## Task prompt
Your output should consist of every record, copied exactly.
(Beginning of Dataset extract)
lemma win_prob_pair:
  assumes "1/4 < a" "a < 1/2" "4 \<le> k" "i < k" "j < k" "j \<noteq> i"
  shows "win_prob k ((\<lambda>_. 1 - a)(i := a, j := a)) i = 1/4"
proof -
  let ?q = "(\<lambda>_. 1 - a)(i := a, j := a)"
  define D where "D = {..<k} - {i, j}"
  define N where "N = card (tb_pairs k ?q (1 - a))"
  have "card D = k - 2" unfolding D_def using assms by (simp add: card_Diff_subset)
  have "a \<noteq> 1 - a" using assms by simp
  obtain m where "m < k" "m \<notin> {i, j}" using exists_index_notin[of "{i, j}" k] assms by auto
  then have occ: "occupied k ?q = {a, 1 - a}"
    unfolding occupied_def using assms by (auto simp: image_iff intro: bexI[of _ i] bexI[of _ m])
  have "tb_pairs k ?q a = {(l, r). l \<in> {i, j} \<and> r \<in> {i, j} \<and> l \<noteq> r}"
    by (rule tb_pairs_shared) (use assms \<open>a \<noteq> 1 - a\<close> in auto)
  then have tb: "tb_pairs k ?q a = {(i, j), (j, i)}" using assms by auto
  have tb': "tb_pairs k ?q (1 - a) = {(l, r). l \<in> D \<and> r \<in> D \<and> l \<noteq> r}"
    by (rule tb_pairs_shared) (use assms \<open>a \<noteq> 1 - a\<close> \<open>card D = k - 2\<close> in \<open>auto simp: D_def\<close>)
  have A: "assignments k ?q = PiE {a, 1 - a} (tb_pairs k ?q)" unfolding assignments_def occ ..
  have pw: "plurality_winners k ?q T = {fst (T a), snd (T (1 - a))}"
    and sides: "fst (T a) \<in> {i, j}" "snd (T (1 - a)) \<notin> {i, j}" if "T \<in> assignments k ?q" for T
  proof -
    obtain l r l' r' where T: "T a = (l, r)" "T (1 - a) = (l', r')" by (metis surj_pair)
    have "T a \<in> tb_pairs k ?q a" "T (1 - a) \<in> tb_pairs k ?q (1 - a)"
      using that unfolding A by auto
    then have lr: "l \<in> {i, j}" "r \<in> {i, j}" "l \<noteq> r"
      and l'r': "l' \<notin> {i, j}" "r' \<notin> {i, j}" "r' < k" "l' \<noteq> r'"
      using assms(6) unfolding tb tb' T D_def by auto
    have "vote_share k ?q T m = (if l = m then a else 0) + (if r = m then 1/2 - a else 0)
        + ((if l' = m then 1/2 - a else 0) + (if r' = m then a else 0))" for m
      unfolding vote_share_two_points[OF occ assms(2)] T by simp
    moreover have "l \<noteq> r'" "r \<noteq> l'" "r \<noteq> r'" "l \<noteq> l'" using lr l'r' by auto
    ultimately show "plurality_winners k ?q T = {fst (T a), snd (T (1 - a))}"
      using assms lr l'r' unfolding T by (intro plurality_winners_eqI[where v = a]) auto
    show "fst (T a) \<in> {i, j}" "snd (T (1 - a)) \<notin> {i, j}" using lr l'r' unfolding T by simp_all
  qed
  have "card (plurality_winners k ?q T) = 2" if "T \<in> assignments k ?q" for T
    using pw[OF that] sides[OF that] by auto
  moreover have "i \<in> plurality_winners k ?q T \<longleftrightarrow> fst (T a) = i" if "T \<in> assignments k ?q" for T
    using pw[OF that] sides[OF that] by auto
  then have winning: "{T \<in> assignments k ?q. i \<in> plurality_winners k ?q T} = {T \<in> assignments k ?q. fst (T a) = i}"
    by auto
  have "{p \<in> tb_pairs k ?q a. fst p = i} = {(i, j)}" unfolding tb using assms by auto
  then have "card {T \<in> assignments k ?q. fst (T a) = i} = N"
    using card_PiE_filter_at[of "{a, 1 - a}" a "tb_pairs k ?q" "\<lambda>p. fst p = i"] \<open>a \<noteq> 1 - a\<close>
    unfolding A N_def by simp
  moreover have "card (assignments k ?q) = 2 * N"
    using \<open>a \<noteq> 1 - a\<close> assms unfolding A N_def by (simp add: card_PiE tb)
  moreover have "N > 0"
    using finite_tb_pairs tb_pairs_nonempty[of "1 - a" k ?q] occ unfolding N_def by auto
  ultimately show ?thesis using win_prob_count[of k ?q i 2] winning by simp
qed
(End of Dataset extract)
## Reply
lemma win_prob_pair:
  assumes "1/4 < a" "a < 1/2" "4 \<le> k" "i < k" "j < k" "j \<noteq> i"
  shows "win_prob k ((\<lambda>_. 1 - a)(i := a, j := a)) i = 1/4"
proof -
  let ?q = "(\<lambda>_. 1 - a)(i := a, j := a)"
  define D where "D = {..<k} - {i, j}"
  define N where "N = card (tb_pairs k ?q (1 - a))"
  have "card D = k - 2" unfolding D_def using assms by (simp add: card_Diff_subset)
  have "a \<noteq> 1 - a" using assms by simp
  obtain m where "m < k" "m \<notin> {i, j}" using exists_index_notin[of "{i, j}" k] assms by auto
  then have occ: "occupied k ?q = {a, 1 - a}"
    unfolding occupied_def using assms by (auto simp: image_iff intro: bexI[of _ i] bexI[of _ m])
  have "tb_pairs k ?q a = {(l, r). l \<in> {i, j} \<and> r \<in> {i, j} \<and> l \<noteq> r}"
    by (rule tb_pairs_shared) (use assms \<open>a \<noteq> 1 - a\<close> in auto)
  then have tb: "tb_pairs k ?q a = {(i, j), (j, i)}" using assms by auto
  have tb': "tb_pairs k ?q (1 - a) = {(l, r). l \<in> D \<and> r \<in> D \<and> l \<noteq> r}"
    by (rule tb_pairs_shared) (use assms \<open>a \<noteq> 1 - a\<close> \<open>card D = k - 2\<close> in \<open>auto simp: D_def\<close>)
  have A: "assignments k ?q = PiE {a, 1 - a} (tb_pairs k ?q)" unfolding assignments_def occ ..
  have pw: "plurality_winners k ?q T = {fst (T a), snd (T (1 - a))}"
    and sides: "fst (T a) \<in> {i, j}" "snd (T (1 - a)) \<notin> {i, j}" if "T \<in> assignments k ?q" for T
  proof -
    obtain l r l' r' where T: "T a = (l, r)" "T (1 - a) = (l', r')" by (metis surj_pair)
    have "T a \<in> tb_pairs k ?q a" "T (1 - a) \<in> tb_pairs k ?q (1 - a)"
      using that unfolding A by auto
    then have lr: "l \<in> {i, j}" "r \<in> {i, j}" "l \<noteq> r"
      and l'r': "l' \<notin> {i, j}" "r' \<notin> {i, j}" "r' < k" "l' \<noteq> r'"
      using assms(6) unfolding tb tb' T D_def by auto
    have "vote_share k ?q T m = (if l = m then a else 0) + (if r = m then 1/2 - a else 0)
        + ((if l' = m then 1/2 - a else 0) + (if r' = m then a else 0))" for m
      unfolding vote_share_two_points[OF occ assms(2)] T by simp
    moreover have "l \<noteq> r'" "r \<noteq> l'" "r \<noteq> r'" "l \<noteq> l'" using lr l'r' by auto
    ultimately show "plurality_winners k ?q T = {fst (T a), snd (T (1 - a))}"
      using assms lr l'r' unfolding T by (intro plurality_winners_eqI[where v = a]) auto
    show "fst (T a) \<in> {i, j}" "snd (T (1 - a)) \<notin> {i, j}" using lr l'r' unfolding T by simp_all
  qed
  have "card (plurality_winners k ?q T) = 2" if "T \<in> assignments k ?q" for T
    using pw[OF that] sides[OF that] by auto
  moreover have "i \<in> plurality_winners k ?q T \<longleftrightarrow> fst (T a) = i" if "T \<in> assignments k ?q" for T
    using pw[OF that] sides[OF that] by auto
  then have winning: "{T \<in> assignments k ?q. i \<in> plurality_winners k ?q T} = {T \<in> assignments k ?q. fst (T a) = i}"
    by auto
  have "{p \<in> tb_pairs k ?q a. fst p = i} = {(i, j)}" unfolding tb using assms by auto
  then have "card {T \<in> assignments k ?q. fst (T a) = i} = N"
    using card_PiE_filter_at[of "{a, 1 - a}" a "tb_pairs k ?q" "\<lambda>p. fst p = i"] \<open>a \<noteq> 1 - a\<close>
    unfolding A N_def by simp
  moreover have "card (assignments k ?q) = 2 * N"
    using \<open>a \<noteq> 1 - a\<close> assms unfolding A N_def by (simp add: card_PiE tb)
  moreover have "N > 0"
    using finite_tb_pairs tb_pairs_nonempty[of "1 - a" k ?q] occ unfolding N_def by auto
  ultimately show ?thesis using win_prob_count[of k ?q i 2] winning by simp
qed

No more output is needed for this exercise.